:: SUPPLIED DATA ::

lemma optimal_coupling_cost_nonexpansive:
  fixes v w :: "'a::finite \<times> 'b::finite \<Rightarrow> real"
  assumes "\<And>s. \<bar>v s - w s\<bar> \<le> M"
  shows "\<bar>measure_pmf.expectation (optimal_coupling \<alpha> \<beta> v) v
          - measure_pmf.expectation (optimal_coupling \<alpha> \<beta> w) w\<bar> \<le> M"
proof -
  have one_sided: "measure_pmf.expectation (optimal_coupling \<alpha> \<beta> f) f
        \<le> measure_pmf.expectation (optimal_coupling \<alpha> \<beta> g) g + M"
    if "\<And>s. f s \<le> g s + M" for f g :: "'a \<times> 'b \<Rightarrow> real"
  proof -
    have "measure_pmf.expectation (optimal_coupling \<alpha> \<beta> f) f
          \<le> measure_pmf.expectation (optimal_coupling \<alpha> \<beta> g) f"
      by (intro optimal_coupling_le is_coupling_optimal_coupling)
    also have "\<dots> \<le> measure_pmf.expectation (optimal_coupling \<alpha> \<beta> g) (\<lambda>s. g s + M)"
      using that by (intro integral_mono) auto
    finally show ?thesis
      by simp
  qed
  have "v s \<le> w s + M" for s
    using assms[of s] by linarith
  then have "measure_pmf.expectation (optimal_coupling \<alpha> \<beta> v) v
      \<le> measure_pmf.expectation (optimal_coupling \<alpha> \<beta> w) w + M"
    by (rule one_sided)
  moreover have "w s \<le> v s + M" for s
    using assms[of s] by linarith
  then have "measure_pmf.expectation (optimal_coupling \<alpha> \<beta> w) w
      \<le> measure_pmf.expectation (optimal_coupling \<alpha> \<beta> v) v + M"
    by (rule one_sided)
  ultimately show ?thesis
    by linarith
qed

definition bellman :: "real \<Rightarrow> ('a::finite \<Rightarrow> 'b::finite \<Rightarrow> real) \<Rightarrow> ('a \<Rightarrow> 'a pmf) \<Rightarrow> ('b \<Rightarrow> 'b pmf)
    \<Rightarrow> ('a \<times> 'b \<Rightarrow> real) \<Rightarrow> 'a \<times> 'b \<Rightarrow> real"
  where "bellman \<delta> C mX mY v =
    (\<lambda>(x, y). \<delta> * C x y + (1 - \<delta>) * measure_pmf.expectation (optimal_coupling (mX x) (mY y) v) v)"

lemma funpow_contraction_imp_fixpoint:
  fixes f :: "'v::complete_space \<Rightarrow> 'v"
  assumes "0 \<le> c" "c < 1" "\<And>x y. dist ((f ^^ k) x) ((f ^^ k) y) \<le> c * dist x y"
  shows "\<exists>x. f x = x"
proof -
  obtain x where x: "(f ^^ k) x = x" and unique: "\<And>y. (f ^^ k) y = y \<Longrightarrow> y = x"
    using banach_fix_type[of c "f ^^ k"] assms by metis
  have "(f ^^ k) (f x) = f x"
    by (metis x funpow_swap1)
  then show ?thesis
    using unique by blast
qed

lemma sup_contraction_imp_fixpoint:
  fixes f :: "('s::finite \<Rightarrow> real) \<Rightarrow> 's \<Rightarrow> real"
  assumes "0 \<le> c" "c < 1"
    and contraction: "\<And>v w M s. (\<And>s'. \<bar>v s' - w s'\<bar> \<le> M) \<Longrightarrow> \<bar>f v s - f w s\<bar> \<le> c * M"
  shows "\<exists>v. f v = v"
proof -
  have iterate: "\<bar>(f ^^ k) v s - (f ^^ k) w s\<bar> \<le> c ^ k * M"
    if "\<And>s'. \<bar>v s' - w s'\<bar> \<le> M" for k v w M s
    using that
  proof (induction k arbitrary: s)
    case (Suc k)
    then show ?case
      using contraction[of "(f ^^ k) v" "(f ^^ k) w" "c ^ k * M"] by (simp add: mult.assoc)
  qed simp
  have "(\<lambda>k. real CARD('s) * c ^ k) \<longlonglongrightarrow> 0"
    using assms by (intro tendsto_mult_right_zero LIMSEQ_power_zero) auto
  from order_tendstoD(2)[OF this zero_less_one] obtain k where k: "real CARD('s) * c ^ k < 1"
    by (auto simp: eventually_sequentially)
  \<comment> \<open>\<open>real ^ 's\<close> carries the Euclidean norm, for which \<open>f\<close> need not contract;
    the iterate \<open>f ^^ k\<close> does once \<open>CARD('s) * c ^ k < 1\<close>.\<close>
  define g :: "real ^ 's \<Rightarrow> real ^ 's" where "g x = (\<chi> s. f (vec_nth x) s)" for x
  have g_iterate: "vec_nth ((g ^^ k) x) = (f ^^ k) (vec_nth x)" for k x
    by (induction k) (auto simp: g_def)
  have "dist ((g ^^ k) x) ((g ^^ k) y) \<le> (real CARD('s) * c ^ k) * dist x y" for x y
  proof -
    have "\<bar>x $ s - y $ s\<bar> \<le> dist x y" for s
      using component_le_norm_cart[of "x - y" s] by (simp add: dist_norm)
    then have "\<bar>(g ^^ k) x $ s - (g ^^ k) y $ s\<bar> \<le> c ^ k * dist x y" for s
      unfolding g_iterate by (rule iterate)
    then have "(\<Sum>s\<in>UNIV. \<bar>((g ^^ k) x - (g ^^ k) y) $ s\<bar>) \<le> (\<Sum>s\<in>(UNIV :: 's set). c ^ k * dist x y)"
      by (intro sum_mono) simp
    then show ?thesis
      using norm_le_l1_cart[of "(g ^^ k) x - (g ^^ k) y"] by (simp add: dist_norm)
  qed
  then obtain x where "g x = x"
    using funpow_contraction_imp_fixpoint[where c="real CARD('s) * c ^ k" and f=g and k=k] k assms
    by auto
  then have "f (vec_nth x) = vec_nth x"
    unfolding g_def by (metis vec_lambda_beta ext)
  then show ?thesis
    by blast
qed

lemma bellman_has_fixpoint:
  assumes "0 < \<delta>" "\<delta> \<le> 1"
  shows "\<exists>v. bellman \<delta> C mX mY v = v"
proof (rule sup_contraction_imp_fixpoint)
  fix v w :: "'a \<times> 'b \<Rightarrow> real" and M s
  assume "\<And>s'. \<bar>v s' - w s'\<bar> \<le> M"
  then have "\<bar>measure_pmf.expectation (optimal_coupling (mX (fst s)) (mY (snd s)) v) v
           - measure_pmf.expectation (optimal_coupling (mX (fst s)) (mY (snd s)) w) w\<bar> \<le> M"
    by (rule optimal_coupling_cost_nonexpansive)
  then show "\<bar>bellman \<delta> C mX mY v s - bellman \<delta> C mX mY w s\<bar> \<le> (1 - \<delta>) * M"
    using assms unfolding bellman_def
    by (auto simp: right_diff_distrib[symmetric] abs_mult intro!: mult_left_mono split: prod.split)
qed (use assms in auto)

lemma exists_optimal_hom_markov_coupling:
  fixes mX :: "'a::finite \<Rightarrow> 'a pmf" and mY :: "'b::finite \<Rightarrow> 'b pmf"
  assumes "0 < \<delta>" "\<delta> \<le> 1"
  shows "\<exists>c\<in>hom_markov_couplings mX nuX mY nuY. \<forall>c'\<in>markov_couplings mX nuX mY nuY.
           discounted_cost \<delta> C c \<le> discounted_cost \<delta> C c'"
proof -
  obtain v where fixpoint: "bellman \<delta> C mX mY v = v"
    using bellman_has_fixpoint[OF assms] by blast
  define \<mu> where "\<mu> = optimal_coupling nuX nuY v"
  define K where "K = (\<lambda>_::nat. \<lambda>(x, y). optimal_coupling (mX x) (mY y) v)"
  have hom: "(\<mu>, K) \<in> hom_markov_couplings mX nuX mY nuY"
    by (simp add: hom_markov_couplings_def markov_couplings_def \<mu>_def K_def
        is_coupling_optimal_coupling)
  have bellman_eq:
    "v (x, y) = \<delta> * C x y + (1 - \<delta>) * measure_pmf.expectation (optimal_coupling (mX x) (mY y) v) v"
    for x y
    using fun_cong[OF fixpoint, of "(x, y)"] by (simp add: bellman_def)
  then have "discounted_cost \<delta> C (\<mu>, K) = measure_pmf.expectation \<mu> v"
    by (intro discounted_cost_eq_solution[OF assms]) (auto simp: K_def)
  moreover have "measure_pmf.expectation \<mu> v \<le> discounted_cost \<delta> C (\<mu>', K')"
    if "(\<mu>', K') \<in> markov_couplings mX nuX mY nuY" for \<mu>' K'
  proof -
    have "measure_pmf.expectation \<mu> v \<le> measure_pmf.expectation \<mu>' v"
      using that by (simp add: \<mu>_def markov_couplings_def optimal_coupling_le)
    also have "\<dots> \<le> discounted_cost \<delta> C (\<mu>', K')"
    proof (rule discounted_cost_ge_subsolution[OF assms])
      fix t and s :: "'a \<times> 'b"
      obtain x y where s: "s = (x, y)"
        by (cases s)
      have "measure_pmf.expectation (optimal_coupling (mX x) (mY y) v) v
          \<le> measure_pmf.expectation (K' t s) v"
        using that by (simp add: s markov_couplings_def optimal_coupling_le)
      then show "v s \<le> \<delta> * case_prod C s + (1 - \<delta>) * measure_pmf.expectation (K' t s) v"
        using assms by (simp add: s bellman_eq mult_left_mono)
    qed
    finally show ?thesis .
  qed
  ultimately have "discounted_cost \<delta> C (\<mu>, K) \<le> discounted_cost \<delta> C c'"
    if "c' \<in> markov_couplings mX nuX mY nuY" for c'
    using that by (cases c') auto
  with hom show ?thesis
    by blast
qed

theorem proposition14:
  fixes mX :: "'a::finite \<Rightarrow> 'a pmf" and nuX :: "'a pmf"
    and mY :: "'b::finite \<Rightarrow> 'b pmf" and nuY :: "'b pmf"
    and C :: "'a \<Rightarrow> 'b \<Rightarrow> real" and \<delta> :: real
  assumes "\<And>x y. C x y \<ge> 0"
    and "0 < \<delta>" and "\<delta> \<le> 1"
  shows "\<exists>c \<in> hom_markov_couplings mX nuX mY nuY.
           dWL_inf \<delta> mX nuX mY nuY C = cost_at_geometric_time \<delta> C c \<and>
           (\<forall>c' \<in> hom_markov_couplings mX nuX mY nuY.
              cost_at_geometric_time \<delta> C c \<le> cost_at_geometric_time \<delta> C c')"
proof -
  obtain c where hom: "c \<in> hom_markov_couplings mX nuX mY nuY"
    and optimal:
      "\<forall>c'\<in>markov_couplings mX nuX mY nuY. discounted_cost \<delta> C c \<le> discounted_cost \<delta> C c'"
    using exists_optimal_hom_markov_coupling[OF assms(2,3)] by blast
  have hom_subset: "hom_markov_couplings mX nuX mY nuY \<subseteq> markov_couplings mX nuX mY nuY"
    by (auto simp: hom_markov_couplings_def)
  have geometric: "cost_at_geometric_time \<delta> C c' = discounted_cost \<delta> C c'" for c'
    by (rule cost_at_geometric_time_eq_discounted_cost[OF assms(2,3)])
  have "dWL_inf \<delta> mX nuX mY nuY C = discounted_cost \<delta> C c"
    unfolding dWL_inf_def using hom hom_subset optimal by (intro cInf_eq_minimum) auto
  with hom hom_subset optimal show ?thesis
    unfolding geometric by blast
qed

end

:::

## WORK REQUEST
Among the lines above, return each one holding the string "fixes".

## EXERCISE ANSWER
  fixes v w :: "'a::finite \<times> 'b::finite \<Rightarrow> real"
  fixes f :: "'v::complete_space \<Rightarrow> 'v"
  fixes f :: "('s::finite \<Rightarrow> real) \<Rightarrow> 's \<Rightarrow> real"
  fixes mX :: "'a::finite \<Rightarrow> 'a pmf" and mY :: "'b::finite \<Rightarrow> 'b pmf"
  fixes mX :: "'a::finite \<Rightarrow> 'a pmf" and nuX :: "'a pmf"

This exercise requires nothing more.